The Case Against Comcast
In October, an Associated Press exposé found the company to be actively interfering with user access — calling the violation “the most drastic example yet of data discrimination.” This was later confirmed by the first extensive EFF report.
Earlier this month, members of the SavetheInternet.com Coalition took action and filed a petition with the Federal Communications Commission. The filing calls upon the agency to take urgent action to stop violations of consumers’ right to access the software and content of their choice.
In an accompanying complaint, Free Press and Public Knowledge asked the FCC to fine Comcast $195,000 for every affected subscriber.
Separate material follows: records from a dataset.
lemma nn_integral_annulus_tail:
  fixes a r v :: real and n :: nat
  assumes "a > n" and "r > 0" and "v \<ge> 0"
  shows "(\<integral>\<^sup>+s. ennreal (a * v * (s ^ n - r ^ n) * s powr (-a-1)) * indicator {r..} s \<partial>lborel)
           = ennreal (v * n / (a - n) * r powr (n - a))"
proof -
  define F where "F s = v * (a / (n - a) * s powr (n - a) + r ^ n * s powr -a)" for s
  have "(\<integral>\<^sup>+s. ennreal (a * v * (s ^ n - r ^ n) * s powr (-a-1)) * indicator {r..} s \<partial>lborel)
          = ennreal (0 - F r)"
  proof (rule nn_integral_FTC_atLeast)
    fix s assume "r \<le> s"
    then have s: "s > 0" using assms by linarith
    have "s ^ n * s powr (-a-1) = s powr (n - a - 1)"
      using s by (simp add: powr_realpow[symmetric] powr_add[symmetric]) (simp add: algebra_simps)
    then have deriv_eq: "v * (a / (n - a) * ((n - a) * s powr (n - a - 1)) + r ^ n * (-a * s powr (-a-1)))
                 = a * v * (s ^ n - r ^ n) * s powr (-a-1)"
      using assms by (simp add: field_simps)
    have "(F has_real_derivative
        v * (a / (n - a) * ((n - a) * s powr (n - a - 1)) + r ^ n * (-a * s powr (-a-1)))) (at s)"
      unfolding F_def using s by (auto intro!: derivative_eq_intros)
    then show "(F has_real_derivative a * v * (s ^ n - r ^ n) * s powr (-a-1)) (at s)"
      by (rule DERIV_cong) (fact deriv_eq)
    show "0 \<le> a * v * (s ^ n - r ^ n) * s powr (-a-1)"
      using assms \<open>r \<le> s\<close> by (intro mult_nonneg_nonneg) (auto intro: power_mono)
  next
    have lim: "((\<lambda>s::real. s powr b) \<longlongrightarrow> 0) at_top" if "b < 0" for b
      using tendsto_neg_powr[OF that filterlim_ident] .
    show "(F \<longlongrightarrow> 0) at_top"
      unfolding F_def using assms
      by (auto intro!: tendsto_mult_right_zero tendsto_add_zero tendsto_divide_zero lim)
  qed simp
  also have "0 - F r = v * n / (a - n) * r powr (n - a)"
  proof -
    have "r ^ n * r powr -a = r powr (n - a)"
      using assms by (simp add: powr_realpow[symmetric] powr_add[symmetric])
    then show ?thesis
      using assms by (simp add: F_def field_simps)
  qed
  finally show ?thesis .
qed

lemma nn_integral_annulus_const:
  fixes b r s :: real
  assumes "b \<ge> 0" and "r > 0"
  shows "(\<integral>\<^sup>+(x::'a::euclidean_space). (if r < norm x \<and> norm x \<le> s then ennreal b else 0) \<partial>lborel)
           = ennreal (b * unit_ball_vol DIM('a) * (s ^ DIM('a) - r ^ DIM('a))) * indicator {r..} s"
proof -
  have "(\<integral>\<^sup>+(x::'a). (if r < norm x \<and> norm x \<le> s then ennreal b else 0) \<partial>lborel)
          = ennreal b * emeasure lborel (cball (0::'a) s - cball 0 r)"
    by (subst nn_integral_cmult_indicator[symmetric])
       (auto intro!: nn_integral_cong simp: indicator_def)
  also have "\<dots> = ennreal (b * unit_ball_vol DIM('a) * (s ^ DIM('a) - r ^ DIM('a))) * indicator {r..} s"
  proof (cases "r \<le> s")
    case True
    then have "emeasure lborel (cball (0::'a) s - cball 0 r)
                 = ennreal (unit_ball_vol DIM('a) * (s ^ DIM('a) - r ^ DIM('a)))"
      using assms by (intro emeasure_annulus) auto
    then show ?thesis
      using True assms by (simp add: ennreal_mult'[symmetric] mult.assoc)
  next
    case False
    then have empty: "cball (0::'a) s - cball 0 r = {}" by auto
    show ?thesis unfolding empty using False by simp
  qed
  finally show ?thesis .
qed

lemma nn_integral_norm_powr_outside_cball:
  fixes a r :: real
  assumes a: "a > DIM('a)" and r: "r > 0"
  shows "(\<integral>\<^sup>+(x::'a::euclidean_space). ennreal (if r < norm x then norm x powr -a else 0) \<partial>lborel)
           = ennreal (unit_ball_vol DIM('a) * DIM('a) / (a - DIM('a)) * r powr (DIM('a) - a))"
proof -
  have a0: "a > 0" using a of_nat_0_le_iff[of "DIM('a)"] by linarith
  \<comment> \<open>layer-cake kernel: integrating h x over s gives the integrand at x\<close>
  define h where "h x s = (if r < norm x \<and> norm x \<le> s then ennreal (a * s powr (-a-1)) else 0)"
    for x :: 'a and s :: real
  have "(\<integral>\<^sup>+s. h x s \<partial>lborel) = ennreal (if r < norm x then norm x powr -a else 0)" for x
  proof (cases "r < norm x")
    case True
    then have "(\<integral>\<^sup>+s. h x s \<partial>lborel) = (\<integral>\<^sup>+s. ennreal (a * s powr (-a-1)) * indicator {norm x..} s \<partial>lborel)"
      by (intro nn_integral_cong) (auto simp: h_def indicator_def)
    also have "\<dots> = ennreal (norm x powr -a)"
      using True r by (intro nn_integral_powr_tail a0) linarith
    finally show ?thesis using True by simp
  qed (simp add: h_def)
  then have "(\<integral>\<^sup>+(x::'a). ennreal (if r < norm x then norm x powr -a else 0) \<partial>lborel)
               = (\<integral>\<^sup>+x. \<integral>\<^sup>+s. h x s \<partial>lborel \<partial>lborel)"
    by simp
  also have "\<dots> = (\<integral>\<^sup>+s. \<integral>\<^sup>+x. h x s \<partial>lborel \<partial>lborel)"
  proof (rule pair_sigma_finite.Fubini'[symmetric])
    show "pair_sigma_finite lborel lborel"
      by (simp add: pair_sigma_finite_def sigma_finite_lborel)
    show "case_prod h \<in> borel_measurable (lborel \<Otimes>\<^sub>M lborel)"
      unfolding h_def by measurable
  qed
  also have "\<dots> = (\<integral>\<^sup>+s. ennreal (a * unit_ball_vol DIM('a) * (s ^ DIM('a) - r ^ DIM('a)) * s powr (-a-1))
                       * indicator {r..} s \<partial>lborel)"
    using r a0 by (intro nn_integral_cong) (simp add: h_def nn_integral_annulus_const mult_ac)
  also have "\<dots> = ennreal (unit_ball_vol DIM('a) * DIM('a) / (a - DIM('a)) * r powr (DIM('a) - a))"
    using nn_integral_annulus_tail[OF a r, of "unit_ball_vol DIM('a)"] by (simp add: mult.assoc)
  finally show ?thesis .
qed

lemma f_cd_uminus [simp]: "f_cd c \<delta> T (- x) = f_cd c \<delta> T x"
  by (simp add: f_cd_def)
Comcast is the nation’s largest cable company and second-largest Internet service provider, with 12.9 million subscribers.
EFF’s second report, released on Wednesday, confirms that the company is indeed meddling with our ability to connect and share information with one another — a gross violation of both the letter and spirit of Net Neutrality.
Hacks, Threats and Lies
“Comcast is essentially deploying against their own customers techniques more typically used by malicious hackers,” write the EFF report’s authors. “This is doubtless how Comcast would characterize other parties that forged traffic to make it appear that it came from Comcast or its subscribers.”
Despite the evidence, Comcast executive vice president David Cohen told Ars Technica that Comcast does not block access to file sharing applications and that the company’s traffic control mechanisms are permissible because the FCC’s standards explicitly allow “reasonable network management” practices.
Comcast has relentlessly withheld information about its traffic management activities, going so far as to threaten to terminate employees who discussed the specifics of its P2P blocking with anyone outside of the company.
They then lie to their customers, delivering a service far inferior to the one they are billing them for.
Sound “reasonable”?
We Told You So
Comcast’s claims are a flimsy cover. Blatant and deceptive blocking is not “reasonable management.” It is the type of problem Net Neutrality advocates have warned would occur without proper protections.
Our message to both the FCC and Congress remains the same:
We told you this would happen. The network companies can’t be trusted to keep their hands off our broadband connections. Now do something about it.